We may affirm, however, on any ground supported by the record. See United States ex rel. Kelly v. Serco, Inc., 846 F.3d 325, 330 (9th Cir. 2017). FCA claims are subject to
Solis’s only particularized allegations show efforts by Schering to get Avelox placed “on formulary” at two hospitals. Even assuming these efforts established a scheme to submit false claims, Solis has failed to identify a single claim submitted pursuant to the scheme. Nor has he provided reliable indicia supporting a strong inference that such claims were submitted. For example, Solis does not allege that being “on formulary” meant such claims would be submitted, or even that being on formulary meant Avelox would be prescribed. Being “on formulary” merely means the drug is available to be used or prescribed. See Consolidated Second Cross-Appeal Brief of Defendants-Appellees/Cross-Appellants at 75; accord J.B.D.L. Corp. v. Wyeth-Ayerst Labs., Inc., 485 F.3d 880, 884 (6th Cir. 2007) (“Formularies are, generally, a listing of medications for which [a managed care organization] provides coverage”). Solis’s complaint provides no other details linking the alleged scheme to any claim submitted to a federal healthcare program. It was Solis’s burden to supply these missing links and he has failed to do so. Solis has not pleaded with the particularity required by Rule 9(b).

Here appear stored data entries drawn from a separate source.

(* Let $1<p<\infty$ and $\eta(y)=y/(1-y)$ for $y\in(0,1)$. (a) If $a\in SO(\mathbb{R}_+)$, then $a\circ\eta\in SO(\mathbb{I})$. (b) If $\alpha\in SOS(\mathbb{R}_+)$, then $\widetilde\alpha:=\eta^{-1}\circ\alpha\circ\eta\in SOS(\mathbb{I})$, the function $c_{\alpha,p}(y):=\big(\frac{1-\widetilde\alpha(y)}{1-y}\big)^{2/p}$, $y\in\mathbb{I}$, belongs to $SO(\mathbb{I})$, and \[ 0<\inf_{y\in\mathbb{I}}c_{\alpha,p}(y)\le\sup_{y\in\mathbb{I}}c_{\alpha,p}(y)<+\infty. \]
   Context: $\mathbb{R}_+=(0,\infty)$, $\mathbb{I}=(0,1)$; $\eta^{-1}(t)=t/(1+t)$. $C_b(X)$: bounded continuous complex functions on $X$. $\operatorname{osc}(f,[\lambda r,r]):=\sup\{|f(t)-f(\tau)|:t,\tau\in[\lambda r,r]\}$. $SO(\mathbb{R}_+)$: $f\in C_b(\mathbb{R}_+)$ with $\lim_{r\to s}\operatorname{osc}(f,[\lambda r,r])=0$ for $s\in\{0,\infty\}$ and each (equivalently some) $\lambda\in(0,1)$. $SO(\mathbb{I})$: $\varphi\in C_b(\mathbb{I})$ such that $\lim_{r\to0}\operatorname{osc}(\varphi,[\lambda r,r])=0$ and $\lim_{r\to0}\operatorname{osc}(\varphi(1-\cdot),[\lambda r,r])=0$ for each (equivalently some) $\lambda\in(0,1)$. $SOS(\mathbb{R}_+)$: orientation-preserving diffeomorphisms $\alpha$ of $\mathbb{R}_+$ onto itself with no fixed points in $\mathbb{R}_+$, $\log\alpha'\in C_b(\mathbb{R}_+)$, $\alpha'\in SO(\mathbb{R}_+)$. $SOS(\mathbb{I})$: orientation-preserving diffeomorphisms of $\mathbb{I}$ onto itself with no fixed points in $\mathbb{I}$ (only fixed points $0,1$), with $\log\alpha'\in C_b(\mathbb{I})$ and $\alpha'\in SO(\mathbb{I})$. *)

theory Defs
  imports "HOL-Analysis.Analysis"
begin

definition osc :: "(real \<Rightarrow> complex) \<Rightarrow> real set \<Rightarrow> real" where
  "osc f S = Sup {norm (f t - f \<tau>) | t \<tau>. t \<in> S \<and> \<tau> \<in> S}"

definition Cb :: "real set \<Rightarrow> (real \<Rightarrow> complex) \<Rightarrow> bool" where
  "Cb X f \<longleftrightarrow> continuous_on X f \<and> bounded (f ` X)"

definition Rp :: "real set" where "Rp = {0<..}"
definition II :: "real set" where "II = {0<..<1}"

definition SO_Rp :: "(real \<Rightarrow> complex) \<Rightarrow> bool" where
  "SO_Rp f \<longleftrightarrow> Cb Rp f \<and>
     (\<forall>l\<in>{0<..<1::real}.
        ((\<lambda>r. osc f {l*r..r}) \<longlongrightarrow> 0) (at_right 0) \<and>
        ((\<lambda>r. osc f {l*r..r}) \<longlongrightarrow> 0) at_top)"

definition SO_I :: "(real \<Rightarrow> complex) \<Rightarrow> bool" where
  "SO_I \<phi> \<longleftrightarrow> Cb II \<phi> \<and>
     (\<forall>l\<in>{0<..<1::real}.
        ((\<lambda>r. osc \<phi> {l*r..r}) \<longlongrightarrow> 0) (at_right 0) \<and>
        ((\<lambda>r. osc (\<lambda>t. \<phi> (1 - t)) {l*r..r}) \<longlongrightarrow> 0) (at_right 0))"

definition op_diffeo_on :: "real set \<Rightarrow> (real \<Rightarrow> real) \<Rightarrow> bool" where
  "op_diffeo_on S \<alpha> \<longleftrightarrow> bij_betw \<alpha> S S \<and> strict_mono_on S \<alpha> \<and>
     (\<forall>x\<in>S. \<alpha> differentiable (at x)) \<and> continuous_on S (deriv \<alpha>) \<and>
     (\<forall>y\<in>S. inv_into S \<alpha> differentiable (at y)) \<and>
     continuous_on S (deriv (inv_into S \<alpha>))"

definition SOS_Rp :: "(real \<Rightarrow> real) \<Rightarrow> bool" where
  "SOS_Rp \<alpha> \<longleftrightarrow> op_diffeo_on Rp \<alpha> \<and> (\<forall>x\<in>Rp. \<alpha> x \<noteq> x) \<and>
     Cb Rp (\<lambda>x. complex_of_real (ln (deriv \<alpha> x))) \<and>
     SO_Rp (\<lambda>x. complex_of_real (deriv \<alpha> x))"

definition SOS_I :: "(real \<Rightarrow> real) \<Rightarrow> bool" where
  "SOS_I \<alpha> \<longleftrightarrow> op_diffeo_on II \<alpha> \<and> (\<forall>x\<in>II. \<alpha> x \<noteq> x) \<and>
     Cb II (\<lambda>x. complex_of_real (ln (deriv \<alpha> x))) \<and>
     SO_I (\<lambda>x. complex_of_real (deriv \<alpha> x))"

definition eta :: "real \<Rightarrow> real" where "eta y = y / (1 - y)"
definition eta_inv :: "real \<Rightarrow> real" where "eta_inv t = t / (1 + t)"

end

theory Submission
  imports Defs
begin

text \<open>
  Part (a): near \<open>0\<close> the map \<open>eta\<close> is comparable to the identity, and near \<open>1\<close> one has
  \<open>eta (1 - u) = 1/u - 1\<close>; in both cases \<open>eta\<close> maps an interval \<open>[l r, r]\<close> into an interval
  \<open>[(l/2) s, s]\<close> with \<open>s \<rightarrow> 0\<close> resp. \<open>s \<rightarrow> \<infinity>\<close>, so slow oscillation is transported.

  Part (b): with \<open>t = eta y\<close> one has \<open>1 - \<alpha>t y = 1/(1 + \<alpha> t)\<close> and \<open>1 - y = 1/(1 + t)\<close>, so
  \<open>c y = q t powr (2/p)\<close> and \<open>\<alpha>t' y = \<alpha>' t * (q t)\<^sup>2\<close> with \<open>q t = (1 + t)/(1 + \<alpha> t)\<close>
  (\<open>shifted_ratio \<alpha> t\<close> below).
  The bound on \<open>ln \<alpha>'\<close> pinches \<open>\<alpha>'\<close>, hence \<open>\<alpha> t / t\<close> and \<open>q\<close>, between \<open>1/K\<close> and \<open>K\<close>.
  At \<open>0\<close> the function \<open>q\<close> tends to \<open>1\<close>; at \<open>\<infinity>\<close> it is asymptotic to \<open>t / \<alpha> t\<close>, and by the
  mean value theorem \<open>\<alpha> t / t\<close> is asymptotic to \<open>\<alpha>' t\<close>, which oscillates slowly. Hence
  \<open>q\<close> is slowly oscillating on \<open>(0, \<infinity>)\<close>, and so are \<open>q powr (2/p)\<close> and \<open>\<alpha>' q\<^sup>2\<close>; part (a) carries them over to \<open>(0, 1)\<close>.
\<close>

text \<open>An \<open>\<epsilon>\<close>-form of \<open>osc f {l r..r} \<rightarrow> 0\<close>; it avoids the supremum in \<open>osc\<close>, which is
  junk for unbounded \<open>f\<close>.\<close>
definition osc_vanishes :: "(real \<Rightarrow> complex) \<Rightarrow> real \<Rightarrow> real filter \<Rightarrow> bool" where
  "osc_vanishes f l F \<longleftrightarrow>
     (\<forall>e>0. \<forall>\<^sub>F r in F. \<forall>t\<in>{l*r..r}. \<forall>\<tau>\<in>{l*r..r}. norm (f t - f \<tau>) \<le> e)"

lemma osc_upper:
  assumes "bounded (f ` S)" "t \<in> S" "\<tau> \<in> S"
  shows "norm (f t - f \<tau>) \<le> osc f S"
proof -
  obtain B where B: "\<And>x. x \<in> S \<Longrightarrow> norm (f x) \<le> B"
    using assms(1) by (auto simp: bounded_iff)
  have bdd: "bdd_above {norm (f t - f \<tau>) | t \<tau>. t \<in> S \<and> \<tau> \<in> S}"
  proof (rule bdd_aboveI[where M = "2 * B"], clarify)
    fix t \<tau> assume "t \<in> S" "\<tau> \<in> S"
    then have "norm (f t) \<le> B" "norm (f \<tau>) \<le> B" using B by auto
    then show "norm (f t - f \<tau>) \<le> 2 * B" using norm_triangle_ineq4[of "f t" "f \<tau>"] by linarith
  qed
  show ?thesis
    unfolding osc_def by (rule cSup_upper[OF _ bdd]) (use assms in auto)
qed

lemma osc_least:
  assumes "S \<noteq> {}" "\<And>t \<tau>. t \<in> S \<Longrightarrow> \<tau> \<in> S \<Longrightarrow> norm (f t - f \<tau>) \<le> e"
  shows "osc f S \<le> e"
  unfolding osc_def by (rule cSup_least) (use assms in fastforce)+

lemma tendsto_osc_iff_osc_vanishes:
  assumes bounded: "bounded (f ` S)"
    and inside: "\<forall>\<^sub>F r in F. l*r \<le> r \<and> {l*r..r} \<subseteq> S"
  shows "((\<lambda>r. osc f {l*r..r}) \<longlongrightarrow> 0) F \<longleftrightarrow> osc_vanishes f l F"
proof
  assume lim: "((\<lambda>r. osc f {l*r..r}) \<longlongrightarrow> 0) F"
  show "osc_vanishes f l F"
    unfolding osc_vanishes_def
  proof (intro allI impI)
    fix e :: real assume "e > 0"
    from order_tendstoD(2)[OF lim this] inside
    show "\<forall>\<^sub>F r in F. \<forall>t\<in>{l*r..r}. \<forall>\<tau>\<in>{l*r..r}. norm (f t - f \<tau>) \<le> e"
    proof eventually_elim
      case (elim r)
      then show ?case
        using osc_upper[OF bounded_subset[OF bounded image_mono]] by (meson less_le order_trans)
    qed
  qed
next
  assume small: "osc_vanishes f l F"
  show "((\<lambda>r. osc f {l*r..r}) \<longlongrightarrow> 0) F"
  proof (rule tendstoI)
    fix e :: real assume "e > 0"
    then have "\<forall>\<^sub>F r in F. \<forall>t\<in>{l*r..r}. \<forall>\<tau>\<in>{l*r..r}. norm (f t - f \<tau>) \<le> e/2"
      using small unfolding osc_vanishes_def by (meson half_gt_zero)
    with inside show "\<forall>\<^sub>F r in F. dist (osc f {l*r..r}) 0 < e"
    proof eventually_elim
      case (elim r)
      then have "{l*r..r} \<noteq> {}" by auto
      moreover have "bounded (f ` {l*r..r})"
        using elim bounded_subset[OF bounded image_mono] by blast
      ultimately have "0 \<le> osc f {l*r..r}" "osc f {l*r..r} \<le> e/2"
        using osc_upper[of f "{l*r..r}" r r] osc_least[of "{l*r..r}" f "e/2"] elim by auto
      then show ?case using \<open>e > 0\<close> by simp
    qed
  qed
qed

lemma eventually_interval_in_Rp_at_right:
  "l \<in> {0<..<1} \<Longrightarrow> \<forall>\<^sub>F r in at_right 0. l*r \<le> r \<and> {l*r..r} \<subseteq> Rp"
  unfolding eventually_at_right_field Rp_def
  by (rule exI[of _ 1]) (auto simp: mult_le_cancel_right1 intro: less_le_trans[OF mult_pos_pos])

lemma eventually_interval_in_Rp_at_top:
  assumes "l \<in> {0<..<1}"
  shows "\<forall>\<^sub>F r in at_top. l*r \<le> r \<and> {l*r..r} \<subseteq> Rp"
proof -
  have "l*r \<le> r \<and> {l*r..r} \<subseteq> Rp" if "1 \<le> r" for r :: real
  proof -
    have "0 < l*r" "l*r \<le> r" using assms that by (auto simp: mult_le_cancel_right1)
    then show ?thesis by (auto simp: Rp_def)
  qed
  then show ?thesis unfolding eventually_at_top_linorder by blast
qed

lemma eventually_interval_in_II_at_right:
  "l \<in> {0<..<1} \<Longrightarrow> \<forall>\<^sub>F r in at_right 0. l*r \<le> r \<and> {l*r..r} \<subseteq> II"
  unfolding eventually_at_right_field II_def
  by (rule exI[of _ 1]) (auto simp: mult_le_cancel_right1 intro: less_le_trans[OF mult_pos_pos])

lemma SO_Rp_iff:
  "SO_Rp f \<longleftrightarrow> Cb Rp f \<and>
     (\<forall>l\<in>{0<..<1}. osc_vanishes f l (at_right 0) \<and> osc_vanishes f l at_top)"
  unfolding SO_Rp_def Cb_def
  using tendsto_osc_iff_osc_vanishes[OF _ eventually_interval_in_Rp_at_right]
    tendsto_osc_iff_osc_vanishes[OF _ eventually_interval_in_Rp_at_top]
  by blast

lemma SO_I_iff:
  "SO_I f \<longleftrightarrow> Cb II f \<and>
     (\<forall>l\<in>{0<..<1}. osc_vanishes f l (at_right 0) \<and> osc_vanishes (\<lambda>t. f (1 - t)) l (at_right 0))"
proof -
  have "bounded ((\<lambda>t. f (1 - t)) ` II)" if "bounded (f ` II)"
    by (rule bounded_subset[OF that]) (auto simp: II_def)
  then show ?thesis
    unfolding SO_I_def Cb_def
    using tendsto_osc_iff_osc_vanishes[OF _ eventually_interval_in_II_at_right]
    by blast
qed

lemma norm_complex_of_real_diff [simp]:
  "norm (complex_of_real a - complex_of_real b) = \<bar>a - b\<bar>"
  by (metis norm_of_real of_real_diff)

lemma osc_vanishes_uniform_approx:
  assumes g: "osc_vanishes g l F"
    and close: "\<And>e. e > 0 \<Longrightarrow> \<forall>\<^sub>F r in F. \<forall>t\<in>{l*r..r}. norm (f t - g t) \<le> e"
  shows "osc_vanishes f l F"
  unfolding osc_vanishes_def
proof (intro allI impI)
  fix e :: real assume "e > 0"
  then have "e/3 > 0" by simp
  have "\<forall>\<^sub>F r in F. \<forall>t\<in>{l*r..r}. \<forall>\<tau>\<in>{l*r..r}. norm (g t - g \<tau>) \<le> e/3"
    using g \<open>e/3 > 0\<close> unfolding osc_vanishes_def by blast
  with close[OF \<open>e/3 > 0\<close>]
  show "\<forall>\<^sub>F r in F. \<forall>t\<in>{l*r..r}. \<forall>\<tau>\<in>{l*r..r}. norm (f t - f \<tau>) \<le> e"
  proof eventually_elim
    case (elim r)
    show ?case
    proof (intro ballI)
      fix t \<tau> assume "t \<in> {l*r..r}" "\<tau> \<in> {l*r..r}"
      with elim have "norm (f t - g t) \<le> e/3" "norm (g t - g \<tau>) \<le> e/3" "norm (f \<tau> - g \<tau>) \<le> e/3"
        by auto
      moreover have "norm (f t - f \<tau>) = norm (((f t - g t) + (g t - g \<tau>)) - (f \<tau> - g \<tau>))"
        by (rule arg_cong[where f = norm]) simp
      then have "norm (f t - f \<tau>) \<le> norm (f t - g t) + norm (g t - g \<tau>) + norm (f \<tau> - g \<tau>)"
        using norm_triangle_ineq4[of "(f t - g t) + (g t - g \<tau>)" "f \<tau> - g \<tau>"]
          norm_triangle_ineq[of "f t - g t" "g t - g \<tau>"] by linarith
      ultimately show "norm (f t - f \<tau>) \<le> e" by linarith
    qed
  qed
qed

lemma osc_vanishes_const: "osc_vanishes (\<lambda>_. c) l F"
  unfolding osc_vanishes_def by auto

lemma osc_vanishes_tendsto_at_top:
  assumes g: "osc_vanishes g l at_top" and "0 < l"
    and lim: "((\<lambda>t. f t - g t) \<longlongrightarrow> 0) at_top"
  shows "osc_vanishes f l at_top"
proof (rule osc_vanishes_uniform_approx[OF g])
  fix e :: real assume "e > 0"
  then obtain N where N: "\<And>t. t \<ge> N \<Longrightarrow> norm (f t - g t) < e"
    using lim unfolding tendsto_iff eventually_at_top_linorder by auto
  have "norm (f t - g t) \<le> e" if "N/l \<le> r" "t \<in> {l*r..r}" for r t
    using N[of t] that \<open>0 < l\<close> by (simp add: field_simps)
  then show "\<forall>\<^sub>F r in at_top. \<forall>t\<in>{l*r..r}. norm (f t - g t) \<le> e"
    unfolding eventually_at_top_linorder by blast
qed

lemma osc_vanishes_tendsto_at_right:
  assumes g: "osc_vanishes g l (at_right 0)" and "0 < l"
    and lim: "((\<lambda>t. f t - g t) \<longlongrightarrow> 0) (at_right 0)"
  shows "osc_vanishes f l (at_right 0)"
proof (rule osc_vanishes_uniform_approx[OF g])
  fix e :: real assume "e > 0"
  then obtain b where "b > 0" and b: "\<And>t. 0 < t \<Longrightarrow> t < b \<Longrightarrow> norm (f t - g t) < e"
    using lim unfolding tendsto_iff eventually_at_right_field by auto
  have "norm (f t - g t) \<le> e" if "0 < r" "r < b" "t \<in> {l*r..r}" for r t
  proof -
    have "0 < l*r" using that \<open>0 < l\<close> by simp
    then show ?thesis using b[of t] that by auto
  qed
  then show "\<forall>\<^sub>F r in at_right 0. \<forall>t\<in>{l*r..r}. norm (f t - g t) \<le> e"
    unfolding eventually_at_right_field using \<open>b > 0\<close> by blast
qed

Solis argues that we should direct the district court to grant him leave to amend his complaint for the third time if deemed deficient. The district court had no occasion to consider this question, having denied Schering’s Rule 12(b)(6) and 9(b) motion before granting its Rule 12(b)(1) motion. United States ex rel. Solis v. Millennium Pharm., Inc., No. 2:09-CV-03010-MCE-EFB, 2015 WL 1469166, at *7 (E.D. Cal. Mar. 30, 2015). On remand, we instruct the district court to decide this question in the first instance.
VII.
In conclusion, we vacate the dismissal of Solis’s Integrilin claims and remand for the district court to determine whether Solis qualifies for the original source exception under Hartpence. We do not reach the sufficiency of Solis’s Integrilin claims. We affirm dismissal of Solis’s Avelox claims on the alternative ground that they fail to satisfy Rule 9(b). Finally, we remand with instructions to the district court to determine whether to grant Solis leave to amend his Avelox claims.
Each party shall bear its own costs.
AFFIRMED in part; VACATED in part; REMANDED.